The Metropolitan Opera began showcasing a new voice this fall. A radio voice, that is.

Mary Jo Heath ’88E (PhD), a Met senior producer for the past nine seasons, was named Metropolitan Opera radio host in September. Heath succeeds the late Margaret Juntwait.

Heath started at the Met just as it was launching Metropolitan Opera Radio on Sirius XM satellite radio. As senior producer, she put together the expanded coverage, including backstage interviews and commentary.

Now, as the Met’s radio host, her voice will be broadcast on public radio stations around the country each week from December through May during the Saturday matinee live broadcasts the Met has been doing since 1931.

In an interview with Rochester’s National Public Radio affiliate, WXXI, Heath recounted her first experience in radio, at that station. Responding to a call for Eastman School of Music students to become classical music announcers, she passed her audition and, because she listened to the Met broadcasts anyway, took Saturday afternoons.

In that same interview, she recalled taking voice lessons at Eastman. Because she wasn’t a voice major, she was assigned to a graduate student instructor. “I thought, OK, it will be some 22-year-old soprano who has never taught before, and I’ll be her guinea pig,” she said. “So I walked up to her studio, and I knocked on the door, and I opened the door and I said, ‘Hi. My name is Mary Jo Heath, and I am looking for my new voice teacher.
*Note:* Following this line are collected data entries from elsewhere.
theorem theorem2:
  fixes r c rh ch :: "nat list" and m n p :: nat
  assumes "selection r" and "selection c"
    and "length r = m + 1" and "length c = n + 1"
    and "ordered_subpair r c rh ch" and "length rh = p + 1"
  shows "(pascal_sub rh ch \<in> carrier_mat (p+1) (p+1) \<and> invertible_mat (pascal_sub rh ch)
          \<and> (\<exists>I J. I \<subseteq> {..<m+1} \<and> J \<subseteq> {..<n+1} \<and> pascal_sub rh ch = submatrix (pascal_sub r c) I J))
    \<and> (pascal_sub rh c \<in> carrier_mat (p+1) (n+1) \<and> vec_space.rank (p+1) (pascal_sub rh c) = p + 1)
    \<and> (pascal_sub r ch \<in> carrier_mat (m+1) (p+1) \<and> vec_space.rank (m+1) (pascal_sub r ch) = p + 1)
    \<and> (maximal_subpair r c rh ch \<longrightarrow>
          vec_space.rank (m+1) (pascal_sub r c) = p + 1
        \<and> vec_space.col_space (m+1) (pascal_sub r ch) = vec_space.col_space (m+1) (pascal_sub r c)
        \<and> vec_space.row_space (n+1) (pascal_sub rh c) = vec_space.row_space (n+1) (pascal_sub r c))"
proof -
  have r: "sorted_wrt (<) r" and c: "sorted_wrt (<) c"
    using assms(1,2) unfolding selection_def by auto
  have sub: "subseq rh r" "subseq ch c" and len_ch: "length ch = p + 1"
    using assms(5,6) unfolding ordered_subpair_def by auto
  obtain I where I: "I \<subseteq> {..<m+1}" "rh = nths r I" using subseq_obtain_nths[OF sub(1)] assms(3) by metis
  obtain J where J: "J \<subseteq> {..<n+1}" "ch = nths c J" using subseq_obtain_nths[OF sub(2)] assms(4) by metis
  have A: "pascal_sub rh ch \<in> carrier_mat (p+1) (p+1)"
    using pascal_sub_carrier[of rh ch] assms(6) len_ch by simp
  have "invertible_mat (pascal_sub rh ch)"
    by (rule invertible_mat_if_det_nonzero[OF A det_pascal_sub_ordered_subpair_nonzero[OF assms(5) r c]])
  moreover note rank_pascal_sub_ordered_subpair[OF assms(5) r c]
  moreover have "maximal_subpair r c rh ch \<Longrightarrow>
      vec_space.rank (m+1) (pascal_sub r c) = vec_space.rank (m+1) (pascal_sub r ch)"
    using vec_space.rank_eq_if_col_space_eq spaces_pascal_sub_maximal_subpair(1)[OF _ r c] assms(3)
    by metis
  ultimately show ?thesis
    using A I J pascal_sub_carrier[of rh c] pascal_sub_carrier[of r ch] len_ch assms(3,4,6)
      spaces_pascal_sub_maximal_subpair[OF _ r c]
    by (auto simp: submatrix_pascal_sub)
qed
Are you Renée Fleming?’ ”

Renée Fleming ’83E (MM), who this fall was appointed as a distinguished visiting artist at Eastman, is now an internationally renowned soprano and a regular performer at the Met.

White House Honors Evelyn Brooks Higginbotham ’84 (PhD)

Evelyn Brooks Higginbotham ’84 (PhD), the Victor S. Thomas Professor of History and African and African-American History at Harvard, received a National Humanities Medal in a White House ceremony in September. Managed by the National Endowment for the Humanities, the medal has been awarded to no more than 12 individuals or organizations annually since 1997.

Higginbotham is the author of Righteous Discontent: The Women’s Movement in the Black Baptist Church, 1880–1920, which won multiple scholarly awards and was named a New York Times Notable Book in 1993 and 1994.

Jeff Beal ’85E Wins Emmy Award

Jeff Beal ’85E won an Emmy Award for Outstanding Music Composition for a Series for his score for the Netflix series House of Cards. The award was Beal’s fourth Emmy. Previously, he won Emmys for his score on Nightmares and Dreamscapes, The Company, and the theme for the series Monk.